Venice #80 - Coup de Chance

Updated: Sep 7, 2023

All good things must come to an end. Even the best ones - the ones we’re so used to that they end up becoming ordinary elements in our life. This one began in 1969, with Woody Allen’s directorial debut, the cult hit Take The Money And Run, setting him on a path that led him to become an icon. Since then, almost every year, we have had a date with Woody Allen - a chance to dive for an hour and half into his unique world of witty New York salons, Jewish humour at its finest, and existential ennui. The most prolific voice in American cinema, he has surely earned his retirement, and now, reaching his 50th film, he seems to have crossed the finish line.

For such a directorial achievement, he has decided to treat himself and shoot Coup de Chance in his favourite city, Paris, and for the first time entirely in French, a language he doesn’t speak (yet, he claims you can still tell good and bad acting nevertheless).

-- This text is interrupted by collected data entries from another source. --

(* Let $m,n$ be positive integers, $a=\min(m,n)$ and $b=\max(m,n)$. Then $J(\mathbf{P}_{m,n})$, ordered by inclusion, is a distributive lattice of rank $\frac{-a^3+3a^2b+3ab+a}{6}$.
   Context: The poset $\mathbf{P}_{m,n}$ has elements the integer triples $(i,j,k)$ with $0\le k\le m-1$, $k\le j\le n-1$, $k\le i\le m-1$, and partial order generated by the covering relations: $(i,j,k)$ covers each of $(i+1,j,k)$, $(i,j+1,k)$, $(i-1,j,k-1)$, $(i,j-1,k-1)$ that is an element of $\mathbf{P}_{m,n}$. For a poset $P$, $J(P)$ denotes the set of order ideals of $P$ (subsets $X$ with $y\in X,\ z\le y\Rightarrow z\in X$). *)

theory Defs
  imports Main
begin

type_synonym triple = "nat \<times> nat \<times> nat"

definition Pmn :: "nat \<Rightarrow> nat \<Rightarrow> triple set" where
  "Pmn m n = {(i,j,k). k \<le> m - 1 \<and> k \<le> j \<and> j \<le> n - 1 \<and> k \<le> i \<and> i \<le> m - 1}"

text \<open>covers m n x y: x covers y (so y < x), both elements of P_{m,n}.\<close>
definition covers :: "nat \<Rightarrow> nat \<Rightarrow> triple \<Rightarrow> triple \<Rightarrow> bool" where
  "covers m n x y \<longleftrightarrow> x \<in> Pmn m n \<and> y \<in> Pmn m n \<and>
     (case x of (i,j,k) \<Rightarrow>
        y = (i+1, j, k) \<or> y = (i, j+1, k) \<or>
        (1 \<le> i \<and> 1 \<le> k \<and> y = (i-1, j, k-1)) \<or>
        (1 \<le> j \<and> 1 \<le> k \<and> y = (i, j-1, k-1)))"

definition Ple :: "nat \<Rightarrow> nat \<Rightarrow> triple \<Rightarrow> triple \<Rightarrow> bool" where
  "Ple m n y x \<longleftrightarrow> y \<in> Pmn m n \<and> x \<in> Pmn m n \<and> (\<lambda>a b. covers m n b a)\<^sup>*\<^sup>* y x"

definition order_ideals :: "nat \<Rightarrow> nat \<Rightarrow> triple set set" where
  "order_ideals m n = {X. X \<subseteq> Pmn m n \<and> (\<forall>y\<in>X. \<forall>z. Ple m n z y \<longrightarrow> z \<in> X)}"

definition is_lub_in :: "'a set set \<Rightarrow> 'a set \<Rightarrow> 'a set \<Rightarrow> 'a set \<Rightarrow> bool" where
  "is_lub_in S X Y Z \<longleftrightarrow> Z \<in> S \<and> X \<subseteq> Z \<and> Y \<subseteq> Z \<and> (\<forall>W\<in>S. X \<subseteq> W \<and> Y \<subseteq> W \<longrightarrow> Z \<subseteq> W)"

definition is_glb_in :: "'a set set \<Rightarrow> 'a set \<Rightarrow> 'a set \<Rightarrow> 'a set \<Rightarrow> bool" where
  "is_glb_in S X Y Z \<longleftrightarrow> Z \<in> S \<and> Z \<subseteq> X \<and> Z \<subseteq> Y \<and> (\<forall>W\<in>S. W \<subseteq> X \<and> W \<subseteq> Y \<longrightarrow> W \<subseteq> Z)"

definition join_in :: "'a set set \<Rightarrow> 'a set \<Rightarrow> 'a set \<Rightarrow> 'a set" where
  "join_in S X Y = (THE Z. is_lub_in S X Y Z)"

definition meet_in :: "'a set set \<Rightarrow> 'a set \<Rightarrow> 'a set \<Rightarrow> 'a set" where
  "meet_in S X Y = (THE Z. is_glb_in S X Y Z)"

definition is_lattice_incl :: "'a set set \<Rightarrow> bool" where
  "is_lattice_incl S \<longleftrightarrow> S \<noteq> {} \<and>
     (\<forall>X\<in>S. \<forall>Y\<in>S. (\<exists>Z. is_lub_in S X Y Z) \<and> (\<exists>Z. is_glb_in S X Y Z))"

definition is_distrib_lattice_incl :: "'a set set \<Rightarrow> bool" where
  "is_distrib_lattice_incl S \<longleftrightarrow> is_lattice_incl S \<and>
     (\<forall>X\<in>S. \<forall>Y\<in>S. \<forall>Z\<in>S.
        meet_in S X (join_in S Y Z) = join_in S (meet_in S X Y) (meet_in S X Z))"

definition is_chain_incl :: "'a set set \<Rightarrow> 'a set set \<Rightarrow> bool" where
  "is_chain_incl S C \<longleftrightarrow> C \<subseteq> S \<and> (\<forall>X\<in>C. \<forall>Y\<in>C. X \<subseteq> Y \<or> Y \<subseteq> X)"

definition is_maximal_chain_incl :: "'a set set \<Rightarrow> 'a set set \<Rightarrow> bool" where
  "is_maximal_chain_incl S C \<longleftrightarrow> is_chain_incl S C \<and>
     (\<forall>D. is_chain_incl S D \<and> C \<subseteq> D \<longrightarrow> D = C)"

definition graded_of_rank :: "'a set set \<Rightarrow> nat \<Rightarrow> bool" where
  "graded_of_rank S r \<longleftrightarrow> finite S \<and>
     (\<forall>C. is_maximal_chain_incl S C \<longrightarrow> finite C \<and> card C = r + 1)"

end

theory Submission
  imports Defs
begin
(* Let $\mathbb{U}$ be the Urysohn space and $\mathcal{K}(\mathbb{U})$ the standard Borel space (with the Effros Borel structure) of closed subsets of $\mathbb{U}$. The set $\mathcal{ALC}\subseteq\mathcal{K}(\mathbb{U})$ of all closed subsets of $\mathbb{U}$ that are almost locally compact is a Borel subset of $\mathcal{K}(\mathbb{U})$.
   Context: A topological space is almost locally compact if it contains a dense locally compact subspace. *)

theory Defs
  imports "HOL-Analysis.Analysis"
begin

text \<open>Kat\v{e}tov (one-point extension) functions on a finite set A of a metric space.\<close>
definition katetov_on :: "'a::metric_space set \<Rightarrow> ('a \<Rightarrow> real) \<Rightarrow> bool" where
  "katetov_on A f \<longleftrightarrow>
     (\<forall>x\<in>A. \<forall>y\<in>A. \<bar>f x - f y\<bar> \<le> dist x y \<and> dist x y \<le> f x + f y)"

text \<open>The Urysohn space: the (unique up to isometry) Polish metric space with the
  finite extension property. The type 'a carries this metric.\<close>
definition urysohn_extension_property :: "'a::metric_space itself \<Rightarrow> bool" where
  "urysohn_extension_property (TYPE('a)) \<longleftrightarrow>
     (\<forall>(A::'a set) f. finite A \<and> katetov_on A f \<longrightarrow> (\<exists>z. \<forall>x\<in>A. dist z x = f x))"

definition effros_borel :: "'a::topological_space set measure" where
  "effros_borel = sigma {F. closed F} {{F. closed F \<and> F \<inter> U \<noteq> {}} | U. open U}"

definition almost_locally_compact :: "'a::topological_space set \<Rightarrow> bool" where
  "almost_locally_compact F \<longleftrightarrow>
     (\<exists>D. D \<subseteq> F \<and> F \<subseteq> closure D \<and> locally_compact_space (top_of_set D))"

end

We find familiar elements from the director’s classic inventory: a writer in love, private eyes, suspicious minds, and hitmen. Similar in structure to Match Point, and also to his less successful Cassandra’s Dream, this time suspense is replaced with humour. In all these films he plays with fate, and how serendipitous events may have drastic consequences in our life. Such a belief is the perfect ground for irony, for no matter how tragic the goings-on may be, they leave the audience with a cynical smile, wondering at the curious twisted turns of luck. Sharp as always, Allen’s typewriter delivers a masterclass in characterisation, and in just a few minutes it feels like we have always known the protagonists.

Playfully shot by legendary cinematographer Vittorio Storaro, the camera vigorously moves in long-takes and articulate movements, painting each shot with bold colours and a decisive poetic touch. Two old friends still having fun, and simultaneously two masters with still a lot to teach.

Coup De Chance is easily Allen’s best film in a decade, and I personally rank it in the director’s top 20. The plot twist, as usual, is pure genius, and it got an instant round of applause from the bemused audience that continued all the way till the credits started to roll on screen, showing, perhaps for the last time, the iconic Written & Directed by Woody Allen.

And if this is indeed the last time we’ll be graced with Woody’s magic, we can at least sigh with a bittersweet smile: he is going out with a bang.